Directory Server prevents authentication with a null password. All non-anonymous binds must therefore specify a password to bind to the directory. Otherwise, Directory Server returns an authentication error, LDAP_INAPPROPRIATE_AUTH.
You can disable this feature by setting the server property require-bind-pwd-enabled to off using the dsconf set-server-prop command.
The following command-line sequence walks you through a demonstration of this feature.

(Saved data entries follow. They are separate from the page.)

lemma finner_sum_scale:
  "finner L \<phi> (\<lambda>S. \<Sum>j\<in>J. c j * \<psi> j S) = (\<Sum>j\<in>J. c j * finner L \<phi> (\<psi> j))"
  unfolding finner_def by (simp add: sum_distrib_left sum.swap[of _ J] mult_ac)

lemma finner_self_scale: "finner L \<psi> (\<lambda>S. \<mu> * \<psi> S) = \<mu> * of_real (fnorm2 L \<psi>)"
proof -
  have pointwise: "cnj (\<psi> S) * (\<mu> * \<psi> S) = \<mu> * of_real ((cmod (\<psi> S))\<^sup>2)" for S
    unfolding complex_norm_square by (simp only: mult_ac)
  show ?thesis
    unfolding finner_def fnorm2_def of_real_sum sum_distrib_left pointwise ..
qed

definition bond_term :: "nat \<Rightarrow> real \<Rightarrow> nat \<Rightarrow> fop" where
  "bond_term L \<theta> j = (if j = L then bond \<theta> (2*L) 1 else bond \<theta> (2*j) (2*j + 1))"

lemma ham_eq_sum_bond_terms:
  assumes "L \<ge> 1"
  shows "ham L \<theta> w \<psi> = (\<lambda>S. \<Sum>j=1..L. of_real (w j) * bond_term L \<theta> j \<psi> S)"
proof
  fix S
  have "{1..L} = insert L {1..L-1}" "L \<notin> {1..L-1}"
    using assms by auto
  moreover have "(\<Sum>j=1..L-1. of_real (w j) * bond_term L \<theta> j \<psi> S)
      = (\<Sum>j=1..L-1. of_real (w j) * bond \<theta> (2*j) (2*j + 1) \<psi> S)"
    by (rule sum.cong) (auto simp: bond_term_def)
  ultimately show "ham L \<theta> w \<psi> S = (\<Sum>j=1..L. of_real (w j) * bond_term L \<theta> j \<psi> S)"
    by (simp add: ham_def bond_def bond_term_def mult.assoc)
qed

lemma fnorm2_bond_term: "j \<in> {1..L} \<Longrightarrow> fnorm2 L (bond_term L \<theta> j \<psi>) = fnorm2 L \<psi>"
  unfolding bond_term_def by (auto intro: fnorm2_bond)

lemma Re_finner_ham_ge:
  assumes "L \<ge> 1"
  shows "- (\<Sum>j=1..L. \<bar>w j\<bar>) * fnorm2 L \<phi> \<le> Re (finner L \<phi> (ham L \<theta> w \<phi>))"
proof -
  have "- \<bar>w j\<bar> * fnorm2 L \<phi> \<le> w j * Re (finner L \<phi> (bond_term L \<theta> j \<phi>))" if "j \<in> {1..L}" for j
  proof -
    have "\<bar>Re (finner L \<phi> (bond_term L \<theta> j \<phi>))\<bar> \<le> fnorm2 L \<phi>"
      using abs_Re_finner_le[of L \<phi> "bond_term L \<theta> j \<phi>"] fnorm2_bond_term[OF that] by simp
    then have "\<bar>w j * Re (finner L \<phi> (bond_term L \<theta> j \<phi>))\<bar> \<le> \<bar>w j\<bar> * fnorm2 L \<phi>"
      unfolding abs_mult by (rule mult_left_mono) simp
    then show ?thesis
      by linarith
  qed
  note pointwise = this
  have "- (\<Sum>j=1..L. \<bar>w j\<bar>) * fnorm2 L \<phi> = (\<Sum>j=1..L. - \<bar>w j\<bar> * fnorm2 L \<phi>)"
    by (simp add: sum_distrib_right sum_negf)
  also have "\<dots> \<le> (\<Sum>j=1..L. w j * Re (finner L \<phi> (bond_term L \<theta> j \<phi>)))"
    using pointwise by (rule sum_mono)
  also have "\<dots> = Re (finner L \<phi> (ham L \<theta> w \<phi>))"
    using assms by (simp add: ham_eq_sum_bond_terms finner_sum_scale Re_sum)
  finally show ?thesis .
qed

lemma ham_eigenvalue_ge:
  assumes "L \<ge> 1" "\<phi> \<in> fock L" "\<phi> \<noteq> (\<lambda>_. 0)" "ham L \<theta> w \<phi> = (\<lambda>S. \<mu> * \<phi> S)"
  shows "- (\<Sum>j=1..L. \<bar>w j\<bar>) \<le> Re \<mu>"
proof -
  have "- (\<Sum>j=1..L. \<bar>w j\<bar>) * fnorm2 L \<phi> \<le> Re \<mu> * fnorm2 L \<phi>"
    using Re_finner_ham_ge[OF assms(1), of w \<phi> \<theta>] unfolding assms(4) finner_self_scale by simp
  then show ?thesis
    using fnorm2_pos[OF assms(2,3)] mult_le_cancel_right_pos by blast
qed
definition normal_ctx :: "ctx \<Rightarrow> bool" where
  "normal_ctx \<Gamma> \<longleftrightarrow> \<not> (\<exists>\<Delta>. clean \<Gamma> \<Delta>)"

definition normal_item :: "item \<Rightarrow> bool" where
  "normal_item I \<longleftrightarrow> normal_ctx {#I#}"

definition is_nf_strategy :: "(ctx \<Rightarrow> ctx) \<Rightarrow> bool" where
  "is_nf_strategy nf \<longleftrightarrow> (\<forall>\<Gamma>. clean\<^sup>*\<^sup>* \<Gamma> (nf \<Gamma>) \<and> normal_ctx (nf \<Gamma>))"

definition wf_fm :: "fm \<Rightarrow> bool" where
  "wf_fm A \<longleftrightarrow> distinct (bvlist A) \<and> bvars A \<inter> fv A = {}"

definition wf_seq :: "ctx \<Rightarrow> fm \<Rightarrow> bool" where
  "wf_seq \<Gamma> C \<longleftrightarrow> normal_ctx \<Gamma> \<and> (\<forall>A. occurs (Fm A) \<Gamma> \<longrightarrow> wf_fm A) \<and> wf_fm C"

text \<open>\<open>plug [(\<Gamma>1,V1),...,(\<Gamma>(i-1),V(i-1))] \<Delta> = \<Gamma>1,[\<Gamma>2,[...[\<Delta>]_V(i-1)...]_V2]_V1\<close>\<close>
fun plug :: "(ctx \<times> var set) list \<Rightarrow> ctx \<Rightarrow> ctx" where
  "plug [] \<Delta> = \<Delta>"
| "plug ((G, V) # L) \<Delta> = G + {# Br V (plug L \<Delta>) #}"

text \<open>\<open>outer [(\<Gamma>1,V1),...,(\<Gamma>(i-1),V(i-1))] {#} = [...[[\<Gamma>1]_V1,\<Gamma>2]_V2,...,\<Gamma>(i-1)]_V(i-1)\<close>\<close>
fun outer :: "(ctx \<times> var set) list \<Rightarrow> ctx \<Rightarrow> ctx" where
  "outer [] acc = acc"
| "outer ((G, V) # L) acc = outer L {# Br V (acc + G) #}"

definition imps :: "fm list \<Rightarrow> fm \<Rightarrow> fm" where
  "imps As P = foldr Imp As P"

definition rule_inst :: "(ctx \<Rightarrow> ctx) \<Rightarrow> ctx \<Rightarrow> fm \<Rightarrow> (ctx \<times> fm) list \<Rightarrow> bool" where
  "rule_inst nf \<Gamma> C prems \<longleftrightarrow>
     \<comment> \<open>(R\<rightarrow>)\<close>
     (\<exists>A B. C = Imp A B \<and> prems = [(nf (add_mset (Fm A) \<Gamma>), B)])
   \<or> \<comment> \<open>(R\<forall>)\<close>
     (\<exists>x A. C = All x A \<and> prems = [(nf {# Br (bvars (All x A)) \<Gamma> #}, A)])
   \<or> \<comment> \<open>(L\<rightarrow>)\<close>
     (\<exists>L Gi As p ts. C = Atom p ts
        \<and> \<Gamma> = plug L (Gi + {# Fm (imps As (Atom p ts)) #})
        \<and> fv (Atom p ts) \<inter> (\<Union>(snd ` set L)) = {}
        \<and> prems = map (\<lambda>A. (nf (outer L {#} + Gi + {# Fm (imps As (Atom p ts)) #}), A)) As)"

datatype dtree = DNode ctx fm "dtree list"

fun root :: "dtree \<Rightarrow> ctx \<times> fm" where
  "root (DNode G C ts) = (G, C)"

inductive derivation :: "(ctx \<Rightarrow> ctx) \<Rightarrow> dtree \<Rightarrow> bool" for nf where
  "wf_seq G C \<Longrightarrow> rule_inst nf G C (map root ts) \<Longrightarrow> (\<forall>t\<in>set ts. derivation nf t)
   \<Longrightarrow> derivation nf (DNode G C ts)"

inductive in_tree :: "ctx \<times> fm \<Rightarrow> dtree \<Rightarrow> bool" where
  "in_tree (G, C) (DNode G C ts)"
| "t \<in> set ts \<Longrightarrow> in_tree s t \<Longrightarrow> in_tree s (DNode G C ts)"

definition item_in_tree :: "item \<Rightarrow> dtree \<Rightarrow> bool" where
  "item_in_tree I T \<longleftrightarrow> (\<exists>G C. in_tree (G, C) T \<and> occurs I G)"

end

theory Submission
  imports Defs "HOL-Library.Sublist"
begin

text \<open>
  Every sequent of a derivation of \<open>\<turnstile> E\<close> has a subformula of \<open>E\<close> on the right, and at any
  depth of its context only subformulas of \<open>E\<close> and brackets labelled \<open>V(z)\<close>, \<open>z\<close> bound in
  \<open>E\<close>: the rules and the cleaning steps only move, copy or discard such items.
  For normal items of this shape, induction shows that the free variables of \<open>[\<Delta>]_V(z)\<close>
  are bound strictly above \<open>\<forall>z\<close>: the free variables of a member \<open>J\<close> of \<open>\<Delta>\<close> are bound
  along one branch of \<open>E\<close>, and normality provides one of them in \<open>V(z)\<close>, i.e. bound at or
  below \<open>\<forall>z\<close>; so those outside \<open>V(z)\<close> are bound strictly above \<open>\<forall>z\<close>.
  For \<open>[\<Gamma>']_V(x')\<close> in \<open>\<Gamma>\<close>, normality of \<open>[\<Gamma>]_V(x)\<close> yields a free variable of \<open>[\<Gamma>']_V(x')\<close>
  bound at or below \<open>\<forall>x\<close> and strictly above \<open>\<forall>x'\<close>, so \<open>x'\<close> is in the scope of \<open>x\<close>.
\<close>

lemma sub_append: "sub F (p @ q) = (case sub F p of None \<Rightarrow> None | Some G \<Rightarrow> sub G q)"
  by (induction F p rule: sub.induct) auto
lemma X_rv_weyl_group: "w \<in> W \<Longrightarrow> x \<in> R \<Longrightarrow> X_rv P x w = of_bool (w x \<bullet> v < 0)"
  using weyl_group_root[OF root_system] uminus_root[OF root_system] regular
  by (auto simp: X_rv_def positive_roots image_iff) (metis minus_minus inner_minus_left neg_0_less_iff_less)

lemma X_rv_comp_refl:
  assumes "w \<in> W" "x \<in> R"
  shows "X_rv P x (w \<circ> refl x) = 1 - X_rv P x w"
proof -
  have "(w \<circ> refl x) x = - w x"
    using refl_self[OF root_nonzero[OF root_system assms(2)]] linear_neg[OF linear_weyl_group[OF root_system]] assms
    by simp
  then show ?thesis
    using assms regular[OF weyl_group_root[OF root_system assms]]
      X_rv_weyl_group weyl_group_comp[OF root_system] refl_weyl_group[OF root_system]
    by auto
qed

lemma sum_X_rv:
  assumes "x \<in> R"
  shows "(\<Sum>w\<in>W. X_rv P x w) = card W / 2"
proof -
  have "(\<Sum>w\<in>W. X_rv P x w) = (\<Sum>w\<in>W. 1 - X_rv P x w)"
    using sum_weyl_group_comp_right[OF root_system refl_weyl_group[OF root_system assms], of "X_rv P x"]
    by (simp add: X_rv_comp_refl assms)
  then show ?thesis
    by (simp add: sum_subtractf)
qed

lemma weyl_group_nonempty: "W \<noteq> {}"
  using weyl_group.weyl_id by blast

lemma finite_set_pmf_unif_W: "finite (set_pmf (pmf_of_set W))"
  by (simp add: weyl_group_nonempty finite_weyl_group[OF root_system])

lemma integral_unif_W: "(\<integral>w. f w \<partial>unif_W R) = (\<Sum>w\<in>W. f w) / card W"
  unfolding unif_W_def by (rule integral_pmf_of_set[OF weyl_group_nonempty finite_weyl_group[OF root_system]])

lemma covariance_X_rv:
  assumes "x \<in> R" "y \<in> R"
  shows "covariance (unif_W R) (X_rv P x) (X_rv P y) = (\<Sum>w\<in>W. X_rv P x w * X_rv P y w) / card W - 1 / 4"
proof -
  have "card W > 0"
    using finite_weyl_group[OF root_system] weyl_group_nonempty card_gt_0_iff by blast
  then show ?thesis
    using covariance_measure_pmf_finite[OF finite_set_pmf_unif_W]
    by (simp add: unif_W_def[symmetric] integral_unif_W sum_X_rv assms)
qed

lemma indep_var_X_rv_iff:
  "prob_space.indep_var (unif_W R) (count_space UNIV) (X_rv P x) (count_space UNIV) (X_rv P y)
    \<longleftrightarrow> covariance (unif_W R) (X_rv P x) (X_rv P y) = 0"
  unfolding unif_W_def
  by (rule indep_var_iff_covariance_eq_0[OF finite_set_pmf_unif_W]) (simp_all add: X_rv_def)

lemma X_rv_comp_weyl_group:
  assumes "w \<in> W" "d \<in> W" "x \<in> R"
  shows "X_rv P x (w \<circ> d) = of_bool (d x \<bullet> inv w v < 0)" and "d x \<bullet> inv w v \<noteq> 0"
proof -
  have "(w \<circ> d) x \<bullet> v = w (d x) \<bullet> w (inv w v)"
    using weyl_group_comp_inv[OF root_system assms(1)] by (simp add: fun_eq_iff)
  also have "\<dots> = d x \<bullet> inv w v"
    using weyl_group_inner[OF root_system assms(1)] .
  finally have "(w \<circ> d) x \<bullet> v = d x \<bullet> inv w v" .
  moreover have "w \<circ> d \<in> W"
    using weyl_group_comp[OF root_system assms(1,2)] .
  ultimately show "X_rv P x (w \<circ> d) = of_bool (d x \<bullet> inv w v < 0)" "d x \<bullet> inv w v \<noteq> 0"
    using X_rv_weyl_group regular weyl_group_root[OF root_system] assms(3) by metis+
qed

context
  fixes b c :: 'a
  assumes b: "b \<in> R" and c: "c \<in> R" and c_neq_b: "c \<noteq> b" and c_neq_neg_b: "c \<noteq> - b"
begin

lemma not_parallel: "c \<noteq> t *\<^sub>R b"
  using root_scaleR[OF root_system b, of t] c c_neq_b c_neq_neg_b by auto

lemma cartan_pair: "(cartan c b, cartan b c) \<in> cartan_pairs"
  using cartan_pairs_memI[OF root_nonzero[OF root_system b] not_parallel]
    cartan_root_Ints[OF root_system] b c by blast

lemma dihedral_coeff_vec:
  "((refl b \<circ> refl c) ^^ k) (coeff_vec b c p) = coeff_vec b c ((rot_coeff (cartan c b) (cartan b c) ^^ k) p)"
  "((refl b \<circ> refl c) ^^ k \<circ> refl b) (coeff_vec b c p) =
    coeff_vec b c ((rot_coeff (cartan c b) (cartan b c) ^^ k \<circ> refl_fst_coeff (cartan c b)) p)"
  using funpow_refl_comp_coeff_vec[of b c 0] refl_coeff_vec_fst[of b 0]
    root_nonzero[OF root_system b] root_nonzero[OF root_system c] by simp_all

lemma ord_refl_eq_dihedral_order: "ord_refl b c = dihedral_order (cartan c b * cartan b c)"
  unfolding ord_refl_def
proof (rule Least_equality)
  let ?m = "dihedral_order (cartan c b * cartan b c)"
  have "((refl b \<circ> refl c) ^^ ?m) x = x" for x
  proof -
    obtain z p where "z \<bullet> b = 0" "z \<bullet> c = 0" "x = z + coeff_vec b c p"
      using orthogonal_coeff_vec_decomp by blast
    then show ?thesis
      using funpow_refl_comp_coeff_vec[OF root_nonzero[OF root_system b] root_nonzero[OF root_system c]]
        funpow_dihedral_order_rot_coeff[OF cartan_pair] by simp
  qed
  then show "0 < ?m \<and> (refl b \<circ> refl c) ^^ ?m = id"
    by (auto simp: dihedral_order_def)
next
  fix k assume k: "0 < k \<and> (refl b \<circ> refl c) ^^ k = id"
  show "dihedral_order (cartan c b * cartan b c) \<le> k"
  proof (rule ccontr)
    assume "\<not> dihedral_order (cartan c b * cartan b c) \<le> k"
    moreover have "coeff_vec b c ((rot_coeff (cartan c b) (cartan b c) ^^ k) (1, 0)) = coeff_vec b c (1, 0)"
      using dihedral_coeff_vec(1)[of k "(1, 0)"] k by simp
    ultimately show False
      using coeff_vec_inj[OF root_nonzero[OF root_system b] not_parallel] funpow_rot_coeff_neq[OF cartan_pair] k
      by (meson not_le)
  qed
qed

The default value of the Require Bind on Authentication feature is on. Check this by using the following command:
# dsconf get-server-prop -p 20390 -w /tmp/.pwd-file require-bind-pwd-enabled require-bind-pwd-enabled : on |
Authenticating with a null password results in the following error message:
# ldapsearch -D cn=altrootdn -w '' -p 20390 -b cn=config 'objectclass=*' dn ldap_simple_bind: Inappropriate authentication ldap_simple_bind: additional info: binds with a dn require a password |
Note that this feature does not block anonymous binds:
# ldapsearch -p 20390 -b cn=config 'objectclass=*' dn version: 1 dn: cn=SNMP,cn=config |
Disable this feature by setting it to off:
# dsconf set-server-prop -p 20390 -w /tmp/.pwd-file require-bind-pwd-enabled:off # dsconf get-server-prop -p 20390 -w /tmp/.pwd-file require-bind-pwd-enabled require-bind-pwd-enabled : off |
This time authenticating with a null password succeeds:
# ldapsearch -D cn=altrootdn -w '' -p 20390 -b cn=config 'objectclass=*' dn version: 1 dn: cn=SNMP,cn=config |
For instructions on using the Directory Service Control Center to configure password policy, see the DSCC online help.